Remember that over half the dispossessed Palestinian population—about 3.5 million people—does not reside in the West Bank or Gaza, and according to the peace process, these people have little hope of repatriation or compensation for what they have lost or suffered. Many are stateless refugees eking out a below-subsistence existence in camps in Lebanon, Jordan, and Syria, without the right to work or leave. (That they have no place to go is now being painfully illustrated: 35,000 Palestinians just expelled from Libya were barred from Gaza by Israel and wander homeless, rebuffed by Lebanon, as well.) It is argued that Oslo left the fate of these people to final status negotiations, but the damage has already been done. After laboriously constructing the unity of Palestinians everywhere, bringing together the Diaspora and the 800,000 Palestinian citizens of Israel, as well as the residents of the occupied territories, the PLO by a stroke of the pen split the three components apart, accepting the Israeli designation of Palestinians as only the encaged residents of the territories. No other liberation movement in the twentieth century got so little—roughly 5 percent of its territory. And no other leaders of a liberation movement accepted what in effect is permanent subordination of their people.
Although it now seems that many Palestinians have been demoralized by what faces them in reality, I believe the Palestinian people will continue to want their rights to be equal with those of their neighbors, the Israeli Jewish people. The emergence of Hamas and Islamic Jihad are part of the continuing protest and should be understood as that. Their suicide missions, bomb throwing, and provocative slogans are acts of defiance principally, refusals to accept the crippling conditions of Israeli occupation and Palestinian collaboration. No matter how much secular people like myself lament their methods and their vision (such as it is), there is no doubting the truth that for many Palestinians these people express a furious protest against the humiliations, demeanments, and denials imposed on all Palestinians as a people. It is ironic that Hamas, having been encouraged by Israel in the 1980s as a tool for breaking the PLO and the intifada, should now be elevated to the rank of superdevil.

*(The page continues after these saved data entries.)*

lemma mat_rank_Z_xy_eq_iff:
  assumes S: "S \<in> carrier_mat (d_y n dy) (d_x n dx)" and "1 \<le> i" "j \<le> n"
  shows "mat_rank (Z_xy n dx dy (zeta_block n dx dy S) i j) = (\<Sum>k=i..n. dx k) + (\<Sum>k=0..j. dy k) \<longleftrightarrow>
    (\<forall>r c a b. r < d_y n dy \<longrightarrow> in_row_block dy a r \<longrightarrow> in_col_block n dx b c \<longrightarrow>
      j < a \<longrightarrow> b < i \<longrightarrow> S $$ (r, c) = 0)"
proof -
  define p where "p = xcol_off n dx (i - 1)"
  define q where "q = yrow_off dy (Suc j)"
  have pq: "p \<le> d_x n dx" "q \<le> d_y n dy"
    using xcol_off_le_d_x yrow_off_mono[of "Suc j" "Suc n" dy] assms
    unfolding p_def q_def d_y_eq_yrow_off by auto
  have "Z_xy n dx dy (zeta_block n dx dy S) i j = nw_sub (bordered S) (d_y n dy + p) (d_x n dx + q)"
    unfolding Z_xy_def row_end_x_def col_end_y_def zeta_block_eq_bordered[OF S] p_def q_def
    using assms by (simp add: sum_atLeast0AtMost_eq_yrow_off sum_atLeastAtMost_eq_xcol_off)
  moreover have "(\<Sum>k=i..n. dx k) + (\<Sum>k=0..j. dy k) = p + q"
    unfolding p_def q_def using assms by (simp add: sum_atLeast0AtMost_eq_yrow_off sum_atLeastAtMost_eq_xcol_off)
  ultimately have "mat_rank (Z_xy n dx dy (zeta_block n dx dy S) i j) = (\<Sum>k=i..n. dx k) + (\<Sum>k=0..j. dy k) \<longleftrightarrow>
      (\<forall>r c. q \<le> r \<longrightarrow> r < d_y n dy \<longrightarrow> p \<le> c \<longrightarrow> c < d_x n dx \<longrightarrow> S $$ (r, c) = 0)"
    using mat_rank_nw_sub_bordered_eq_iff[OF S pq] by simp
  also have "\<dots> \<longleftrightarrow> (\<forall>r c a b. r < d_y n dy \<longrightarrow> in_row_block dy a r \<longrightarrow> in_col_block n dx b c \<longrightarrow>
      j < a \<longrightarrow> b < i \<longrightarrow> S $$ (r, c) = 0)"
  proof (intro iffI allI impI)
    fix r c a b
    assume "\<forall>r c. q \<le> r \<longrightarrow> r < d_y n dy \<longrightarrow> p \<le> c \<longrightarrow> c < d_x n dx \<longrightarrow> S $$ (r, c) = 0"
      and "r < d_y n dy" "in_row_block dy a r" "in_col_block n dx b c" "j < a" "b < i"
    moreover have "q \<le> r" using in_row_block_less_yrow_off_iff[OF \<open>in_row_block dy a r\<close>, of "Suc j"]
      \<open>j < a\<close> unfolding q_def by simp
    moreover have "\<not> i - 1 < b" using \<open>b < i\<close> by simp
    then have "p \<le> c" using in_col_block_less_xcol_off_iff[OF \<open>in_col_block n dx b c\<close>, of "i - 1"]
      unfolding p_def by simp
    moreover have "c < d_x n dx"
      using in_col_block_less_xcol_off_iff[OF \<open>in_col_block n dx b c\<close>, of 0] xcol_off_le_d_x
        \<open>in_col_block n dx b c\<close> unfolding d_x_eq_xcol_off in_col_block_def by simp
    ultimately show "S $$ (r, c) = 0" by blast
  next
    fix r c
    assume zero: "\<forall>r c a b. r < d_y n dy \<longrightarrow> in_row_block dy a r \<longrightarrow> in_col_block n dx b c \<longrightarrow>
        j < a \<longrightarrow> b < i \<longrightarrow> S $$ (r, c) = 0"
      and rc: "q \<le> r" "r < d_y n dy" "p \<le> c" "c < d_x n dx"
    obtain a where a: "in_row_block dy a r"
      using ex_in_row_block rc(2) unfolding d_y_eq_yrow_off by blast
    obtain b where b: "in_col_block n dx b c" using ex_in_col_block rc(4) by blast
    have "j < a" using in_row_block_less_yrow_off_iff[OF a, of "Suc j"] rc(1) unfolding q_def by simp
    moreover have "b < i" using in_col_block_less_xcol_off_iff[OF b, of "i - 1"] rc(3) \<open>1 \<le> i\<close>
      unfolding p_def by simp
    ultimately show "S $$ (r, c) = 0" using zero rc(2) a b by simp
  qed
  finally show ?thesis .
qed

text \<open>A block (y_a, x_b) off the two arrow diagonals lies in a northwest corner
  (i, j) = (a, b) if b \<ge> a + 2, and in a southeast corner (i, j) = (b + 1, a - 1) if b < a.\<close>
lemma quiver_supported_iff_corners:
  "quiver_supported n dx dy S \<longleftrightarrow>
    (\<forall>i j. i + 2 \<le> n \<and> i + 2 \<le> j \<and> j \<le> n \<longrightarrow>
      (\<forall>r c a b. in_row_block dy a r \<longrightarrow> in_col_block n dx b c \<longrightarrow> a \<le> i \<longrightarrow> j \<le> b \<longrightarrow> S $$ (r, c) = 0)) \<and>
    (\<forall>i j. 2 \<le> i \<and> i \<le> n \<and> i - 1 \<le> j \<and> j + 1 \<le> n \<longrightarrow>
      (\<forall>r c a b. r < d_y n dy \<longrightarrow> in_row_block dy a r \<longrightarrow> in_col_block n dx b c \<longrightarrow>
        j < a \<longrightarrow> b < i \<longrightarrow> S $$ (r, c) = 0))"
  (is "?supp \<longleftrightarrow> ?NW \<and> ?SE")
proof (intro iffI conjI)
  assume ?supp
  show ?NW
  proof (intro allI impI)
    fix i j r c a b
    assume "i + 2 \<le> n \<and> i + 2 \<le> j \<and> j \<le> n" "in_row_block dy a r" "in_col_block n dx b c" "a \<le> i" "j \<le> b"
    moreover from this have "r < d_y n dy"
      using in_row_block_less_yrow_off_iff unfolding d_y_eq_yrow_off by simp
    ultimately show "S $$ (r, c) = 0" using \<open>?supp\<close> unfolding quiver_supported_def by simp
  qed
  show ?SE
  proof (intro allI impI)
    fix i j r c a b
    assume "2 \<le> i \<and> i \<le> n \<and> i - 1 \<le> j \<and> j + 1 \<le> n" "r < d_y n dy" "in_row_block dy a r"
      "in_col_block n dx b c" "j < a" "b < i"
    moreover from this have "b < a" by linarith
    ultimately show "S $$ (r, c) = 0" using \<open>?supp\<close> unfolding quiver_supported_def by simp
  qed
next
  assume corners: "?NW \<and> ?SE"
  show ?supp unfolding quiver_supported_def
  proof (intro allI impI)
    fix r c a b
    assume r: "r < d_y n dy" "in_row_block dy a r" and b: "in_col_block n dx b c" "b \<noteq> a" "b \<noteq> Suc a"
    have "a \<le> n" using in_row_block_less_yrow_off_iff[OF r(2)] r(1) unfolding d_y_eq_yrow_off by simp
    moreover have "1 \<le> b" "b \<le> n" using b unfolding in_col_block_def by auto
    ultimately consider "a + 2 \<le> b" | "b < a" using b by linarith
    then show "S $$ (r, c) = 0"
    proof cases
      case 1
      then have "a + 2 \<le> n \<and> a + 2 \<le> b \<and> b \<le> n" using \<open>b \<le> n\<close> by linarith
      then show ?thesis using corners r(2) b(1) by (meson le_refl)
    next
      case 2
      then have "2 \<le> Suc b \<and> Suc b \<le> n \<and> Suc b - 1 \<le> a - 1 \<and> a - 1 + 1 \<le> n" "a - 1 < a" "b < Suc b"
        using \<open>a \<le> n\<close> \<open>1 \<le> b\<close> by auto
      then show ?thesis using corners r b(1) by meson
    qed
  qed
qed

Of course, the best response to terrorism is justice, not more repression. The deep tragedy of Palestine is that a whole people’s history and aspirations have been under such comprehensive assault—not only by Israel (with its patron and collaborator the United States) but also by the Arab governments and, since Oslo, by the PLO under Arafat.
It is necessary here to try to describe the complicated mix of emotions and actualities that govern Palestinian life in the occupied territories today. True, Arafat’s entry into Gaza on July 1, 1994, gave people there the sense that they are no longer as confined as they once were. They can go to the beaches, they do not have to be indoors after sundown, and they enjoy some rapport with a Palestinian (not an Egyptian or Israeli) police force. In every other respect life has become worse. There is a cynical Israeli policy of letting Arafat become as much a petty dictator as is consistent with their interests. Thus, the tolerance for his inflated police force and intelligence services, totaling about 19,000 (Oslo I and a subsequent Cairo agreement limited him to 9,000).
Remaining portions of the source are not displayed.